Um chavão que marcou o debate orçamental
Seria outra crise, muito mais grave, a trazer a afirmação para a ribalta. Com um endividamento muito elevado e a economia a derrapar, Portugal é arrastado na crise das dívidas soberanas e, a 6 de abril de 2011, o Governo é obrigado a pedir ajuda externa. A troika — FMI, Comissão Europeia e BCE — impõe ao país um duro plano de consolidação orçamental, que na verdade já começara a ser feita em 2010. A frase de Jorge Sampaio marcaria o debate orçamental, tornando-se um slogan de oposição às medidas de austeridade.
A afirmação seria popularizada, no entanto, com uma palavra diferente, que lhe adulterava o sentido mas servia melhor o momento e as intenções políticas da altura: o “Orçamento” deu lugar a “défice”. O antigo presidente repudiaria, ainda em 2010 a alteração: “Tenho visto essa frase citada ultimamente, de uma forma completamente errada, que repudio”. O seu ponto não era o saldo das contas públicas ser positivo ou negativo, mas a necessidade de dar atenção a outras prioridades políticas. A crise colou-lhe, no entanto, outra semântica.
Catarina Martins usaria a frase durante a campanha para as legislativas de 2015 para argumentar que o PS não era diferente da direita: “Porque nós nos lembramos que aquele PS que dizia que há vida para além do défice está desaparecido há muito”.
Uns meses antes, seria a direita a recorrer à afirmação. No debate do Estado da Nação, Paulo Portas, então líder do CDS-PP, apontado também ele para um novo ciclo no país. “Olhemos com confiança para os dias que estão à nossa frente. Há vida para além do défice”.
António Costa usaria a frase original no debate do Orçamento do Estado para 2017, em outubro de 2016, um ano depois de tomar posse como primeiro-ministro com a promessa de “virar a página da austeridade”. “Há mais vida além do Orçamento. A prioridade é melhorar vida das pessoas”, disse no seu discurso no Parlamento.

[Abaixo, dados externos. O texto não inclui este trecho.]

text \<open>The compact metric space Z is the whole type 'a (so open, closed, interior,
 closure are the topology of Z). A refining sequence is V :: nat => 'a set set.\<close>

definition refining_sequence :: "(nat \<Rightarrow> 'a::metric_space set set) \<Rightarrow> bool" where
  "refining_sequence V \<longleftrightarrow>
     (\<forall>n. finite (V n) \<and> \<Union>(V n) = UNIV) \<and>
     ((\<forall>n. \<forall>v\<in>V n. open v) \<or> (\<forall>n. \<forall>v\<in>V n. closed v \<and> interior v \<noteq> {})) \<and>
     V 0 = {UNIV} \<and>
     (\<forall>n. \<forall>w\<in>V (Suc n). \<exists>v\<in>V n. w \<subseteq> v) \<and>
     (\<lambda>n. Max (diameter ` V n)) \<longlonglongrightarrow> 0"

text \<open>Vertices of the approximation graph at level n are the elements of V n; an edge
 from level n to level n+1 is a pair (v, w) with v in V n, w in V (n+1), w a subset of v.\<close>

definition is_edge :: "(nat \<Rightarrow> 'a set set) \<Rightarrow> nat \<Rightarrow> 'a set \<times> 'a set \<Rightarrow> bool" where
  "is_edge V n e \<longleftrightarrow> fst e \<in> V n \<and> snd e \<in> V (Suc n) \<and> snd e \<subseteq> fst e"

definition path_space :: "(nat \<Rightarrow> 'a set set) \<Rightarrow> (nat \<Rightarrow> 'a set \<times> 'a set) set" where
  "path_space V = {p. (\<forall>n. is_edge V n (p n)) \<and> (\<forall>n. snd (p n) = fst (p (Suc n)))}"

definition path_proj :: "(nat \<Rightarrow> 'a::topological_space set \<times> 'a set) \<Rightarrow> 'a" where
  "path_proj p = (THE z. z \<in> (\<Inter>n. closure (snd (p n))))"

definition injectivity_set :: "(nat \<Rightarrow> 'a::topological_space set set) \<Rightarrow> (nat \<Rightarrow> 'a set \<times> 'a set) set" where
  "injectivity_set V = {p \<in> path_space V.
      card {q \<in> path_space V. path_proj q = path_proj p} = 1}"

definition overlapping_set :: "(nat \<Rightarrow> 'a::topological_space set set) \<Rightarrow> nat \<Rightarrow> 'a set set" where
  "overlapping_set V n = {closure v \<inter> closure w | v w. v \<in> V n \<and> w \<in> V n \<and> v \<noteq> w}"

definition ess :: "(nat \<Rightarrow> 'a::topological_space set set) \<Rightarrow> nat \<Rightarrow> 'a set \<Rightarrow> 'a set" where
  "ess V n v = interior v - \<Union>(overlapping_set V n)"

definition regular_graph :: "(nat \<Rightarrow> 'a::topological_space set set) \<Rightarrow> bool" where
  "regular_graph V \<longleftrightarrow>
     (\<forall>n. \<forall>v\<in>V n. v = \<Union>{w \<in> V (Suc n). w \<subseteq> v} \<and> ess V n v \<noteq> {})"

end

theory Submission
  imports Defs
begin

text \<open>A point z lies in an essential set of level n iff exactly one vertex of level n has z in
 its closure. Every path over z has z in the closures of all its ranges, and a path is determined
 by its ranges because \<open>V 0 = {Z}\<close>; so if z is essential at every level, the fibre over z is a
 single path. Conversely, any vertex v whose closure contains z lies on a path over z: its
 ancestors contain v, and regularity provides below v a chain of descendants whose closures still
 contain z. Two distinct such vertices at one level thus give two distinct paths over z.\<close>

lemma closure_Union_finite:
  "finite A \<Longrightarrow> closure (\<Union>A) = \<Union>(closure ` A)"
  by (induction A rule: finite_induct) auto

lemma card_eq_1_iff_eq_singleton: "a \<in> A \<Longrightarrow> card A = 1 \<longleftrightarrow> A = {a}"
  by (auto simp: card_1_singleton_iff)

lemma Inter_closure_decseq_singleton:
  fixes S :: "nat \<Rightarrow> 'a::metric_space set"
  assumes cpt: "compact (UNIV :: 'a set)" and dec: "decseq S" and ne: "\<And>n. S n \<noteq> {}"
    and diam: "(\<lambda>n. diameter (S n)) \<longlonglongrightarrow> 0"
  shows "\<exists>a. (\<Inter>n. closure (S n)) = {a}"
proof -
  have bdd: "bounded (T :: 'a set)" for T
    using compact_imp_bounded[OF cpt] bounded_subset by blast
  have "UNIV \<inter> (\<Inter>n\<in>UNIV. closure (S n)) \<noteq> {}"
  proof (rule compact_imp_fip_image[OF cpt])
    fix I :: "nat set" assume "finite I"
    then obtain N where "\<forall>n\<in>I. n \<le> N" using finite_nat_set_iff_bounded_le by blast
    moreover have "closure (S N) \<subseteq> closure (S n)" if "n \<le> N" for n
      using closure_mono[OF decseqD[OF dec that]] .
    ultimately have "closure (S N) \<subseteq> (\<Inter>n\<in>I. closure (S n))" by blast
    then show "UNIV \<inter> (\<Inter>n\<in>I. closure (S n)) \<noteq> {}" using ne[of N] by auto
  qed simp
  then obtain a where a: "a \<in> (\<Inter>n. closure (S n))" by auto
  have "b = a" if b: "b \<in> (\<Inter>n. closure (S n))" for b
  proof -
    have "dist b a \<le> diameter (S n)" for n
      using diameter_bounded_bound[OF bdd, of b "closure (S n)" a] a b
        diameter_closure[OF bdd, of "S n"] by auto
    then have "dist b a \<le> 0" using LIMSEQ_le_const[OF diam] by blast
    then show ?thesis by simp
  qed
  then show ?thesis using a by blast
qed

lemma refining_sequenceD:
  assumes "refining_sequence V"
  shows "finite (V n)" "\<Union>(V n) = UNIV" "V 0 = {UNIV}"
    and "w \<in> V (Suc n) \<Longrightarrow> \<exists>v\<in>V n. w \<subseteq> v"
    and "(\<lambda>n. Max (diameter ` V n)) \<longlonglongrightarrow> 0"
proof -
  have "(\<forall>n. finite (V n) \<and> \<Union>(V n) = UNIV) \<and> V 0 = {UNIV}
      \<and> (\<forall>n. \<forall>w\<in>V (Suc n). \<exists>v\<in>V n. w \<subseteq> v) \<and> (\<lambda>n. Max (diameter ` V n)) \<longlonglongrightarrow> 0"
    using assms unfolding refining_sequence_def by (elim conjE) (intro conjI; assumption)
  then show "finite (V n)" "\<Union>(V n) = UNIV" "V 0 = {UNIV}"
    and "w \<in> V (Suc n) \<Longrightarrow> \<exists>v\<in>V n. w \<subseteq> v"
    and "(\<lambda>n. Max (diameter ` V n)) \<longlonglongrightarrow> 0"
    by blast+
qed

lemma regular_graph_nonempty:
  "regular_graph V \<Longrightarrow> v \<in> V n \<Longrightarrow> v \<noteq> {}"
  unfolding regular_graph_def ess_def by fastforce

lemma regular_graph_child_closure:
  assumes "regular_graph V" "finite (V (Suc n))" "v \<in> V n" "z \<in> closure v"
  shows "\<exists>w\<in>V (Suc n). w \<subseteq> v \<and> z \<in> closure w"
proof -
  have "v = \<Union>{w \<in> V (Suc n). w \<subseteq> v}" using assms(1,3) unfolding regular_graph_def by blast
  moreover have "finite {w \<in> V (Suc n). w \<subseteq> v}" using assms(2) by simp
  ultimately have "closure v = \<Union>(closure ` {w \<in> V (Suc n). w \<subseteq> v})"
    by (metis closure_Union_finite)
  then show ?thesis using assms(4) by blast
qed

lemma path_spaceD:
  assumes "p \<in> path_space V"
  shows "fst (p n) \<in> V n" "snd (p n) \<in> V (Suc n)" "snd (p n) \<subseteq> fst (p n)"
    and "fst (p (Suc n)) = snd (p n)"
  using assms unfolding path_space_def is_edge_def by auto

lemma path_space_of_vertices:
  assumes "\<And>k. r k \<in> V k" "\<And>k. r (Suc k) \<subseteq> r k"
  shows "(\<lambda>k. (r k, r (Suc k))) \<in> path_space V"
  using assms unfolding path_space_def is_edge_def by simp

lemma path_space_eqI:
  assumes "p \<in> path_space V" "q \<in> path_space V" "V 0 = {v\<^sub>0}"
    and "\<And>n. snd (p n) = snd (q n)"
  shows "p = q"
proof
  fix n
  have "fst (p n) = fst (q n)"
  proof (cases n)
    case 0
    then show ?thesis
      using path_spaceD(1)[OF assms(1), of 0] path_spaceD(1)[OF assms(2), of 0] assms(3) by simp
  next
    case (Suc k)
    then show ?thesis using path_spaceD(4)[OF assms(1)] path_spaceD(4)[OF assms(2)] assms(4) by simp
  qed
  then show "p n = q n" using assms(4) by (simp add: prod_eq_iff)
qed

lemma Inter_closure_path_eq:
  fixes V :: "nat \<Rightarrow> 'a::metric_space set set"
  assumes cpt: "compact (UNIV :: 'a set)" and rs: "refining_sequence V"
    and reg: "regular_graph V" and p: "p \<in> path_space V"
  shows "(\<Inter>n. closure (snd (p n))) = {path_proj p}"
proof -
  have dec: "decseq (\<lambda>n. snd (p n))"
    using path_spaceD(3,4)[OF p] by (intro decseq_SucI) metis
  have ne: "snd (p n) \<noteq> {}" for n
    using regular_graph_nonempty[OF reg path_spaceD(2)[OF p]] .
  have bound: "norm (diameter (snd (p n))) \<le> Max (diameter ` V (Suc n))" for n
  proof -
    have "bounded (snd (p n))" using compact_imp_bounded[OF cpt] bounded_subset by blast
    moreover have "diameter (snd (p n)) \<in> diameter ` V (Suc n)"
      using path_spaceD(2)[OF p] by (rule imageI)
    ultimately show ?thesis
      using Max_ge[OF finite_imageI[OF refining_sequenceD(1)[OF rs]]] by (simp add: diameter_ge_0)
  qed
  have "(\<lambda>n. diameter (snd (p n))) \<longlonglongrightarrow> 0"
    using Lim_null_comparison[OF always_eventually, OF allI, OF bound]
      LIMSEQ_Suc[OF refining_sequenceD(5)[OF rs]] .
  then obtain a where a: "(\<Inter>n. closure (snd (p n))) = {a}"
    using Inter_closure_decseq_singleton[OF cpt dec ne] by blast
  then have "path_proj p = a" unfolding path_proj_def by auto
  then show ?thesis using a by simp
qed

lemma path_proj_mem_closure:
  fixes V :: "nat \<Rightarrow> 'a::metric_space set set"
  assumes "compact (UNIV :: 'a set)" "refining_sequence V" "regular_graph V" "p \<in> path_space V"
  shows "path_proj p \<in> closure (snd (p n))"
proof -
  have "path_proj p \<in> (\<Inter>n. closure (snd (p n)))" by (simp add: Inter_closure_path_eq[OF assms])
  then show ?thesis by blast
qed

lemma vertex_chain_extend_down:
  assumes rs: "refining_sequence V"
    and "\<And>k. m \<le> k \<Longrightarrow> r k \<in> V k \<and> r (Suc k) \<subseteq> r k"
  shows "\<exists>r'. (\<forall>k. r' k \<in> V k \<and> r' (Suc k) \<subseteq> r' k) \<and> (\<forall>k\<ge>m. r' k = r k)"
  using assms(2)
proof (induction m arbitrary: r)
  case 0
  then show ?case by (intro exI[of _ r]) simp
next
  case (Suc m)
  have "r (Suc m) \<in> V (Suc m)" using Suc.prems by simp
  then obtain u where u: "u \<in> V m" "r (Suc m) \<subseteq> u"
    using refining_sequenceD(4)[OF rs] by blast
  have "(r(m := u)) k \<in> V k \<and> (r(m := u)) (Suc k) \<subseteq> (r(m := u)) k" if "m \<le> k" for k
    using that u Suc.prems[of k] by (cases "k = m") auto
  then obtain r' where r': "\<forall>k. r' k \<in> V k \<and> r' (Suc k) \<subseteq> r' k"
    and agree: "\<forall>k\<ge>m. r' k = (r(m := u)) k"
    using Suc.IH[of "r(m := u)"] by blast
  have "r' k = r k" if "Suc m \<le> k" for k
  proof -
    have "k \<noteq> m" "m \<le> k" using that by simp_all
    then show ?thesis using agree by simp
  qed
  then show ?case using r' by (intro exI[of _ r']) simp
qed

lemma vertex_chain_down_through_closure:
  assumes rs: "refining_sequence V" and reg: "regular_graph V"
    and v: "v \<in> V m" and z: "z \<in> closure v"
  shows "\<exists>r. r m = v \<and> (\<forall>k\<ge>m. r k \<in> V k \<and> r (Suc k) \<subseteq> r k \<and> z \<in> closure (r k))"
proof -
  have "\<exists>t. \<forall>j. (t j \<in> V (m + j) \<and> z \<in> closure (t j) \<and> (j = 0 \<longrightarrow> t j = v))
      \<and> t (Suc j) \<subseteq> t j"
  proof (rule dependent_nat_choice)
    show "\<exists>x. x \<in> V (m + 0) \<and> z \<in> closure x \<and> (0 = 0 \<longrightarrow> x = v)"
      using v z by simp
  next
    fix x j assume x: "x \<in> V (m + j) \<and> z \<in> closure x \<and> (j = 0 \<longrightarrow> x = v)"
    obtain y where "y \<in> V (Suc (m + j))" "y \<subseteq> x" "z \<in> closure y"
      using regular_graph_child_closure[OF reg refining_sequenceD(1)[OF rs]] x by meson
    then show "\<exists>y. (y \<in> V (m + Suc j) \<and> z \<in> closure y \<and> (Suc j = 0 \<longrightarrow> y = v)) \<and> y \<subseteq> x"
      by auto
  qed
  then obtain t where t: "\<forall>j. (t j \<in> V (m + j) \<and> z \<in> closure (t j) \<and> (j = 0 \<longrightarrow> t j = v))
      \<and> t (Suc j) \<subseteq> t j" ..
  define r where "r k = t (k - m)" for k
  have "r k \<in> V k \<and> r (Suc k) \<subseteq> r k \<and> z \<in> closure (r k)" if "m \<le> k" for k
  proof -
    have "m + (k - m) = k" "Suc k - m = Suc (k - m)" using that by simp_all
    then show ?thesis using t[rule_format, of "k - m"] unfolding r_def by simp
  qed
  moreover have "r m = v" using t unfolding r_def by simp
  ultimately show ?thesis by (intro exI[of _ r]) blast
qed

Voltaria a fazê-lo no encerramento das jornadas parlamentares do PS, em janeiro de 2020, a uma semana da votação final global do Orçamento, lembrando Jorge Sampaio.
A afirmação ganharia outra vida, já com a covid-19. Primeiro Marcelo Rebelo de Sousa e depois António Costa vieram defender que “há mais vida além da pandemia”.
Jorge Sampaio faleceu esta sexta-feira, dia 10 de setembro, aos 81 anos. Esta, e outras frases marcantes, vão continuar a ecoar na política portuguesa por muitos anos.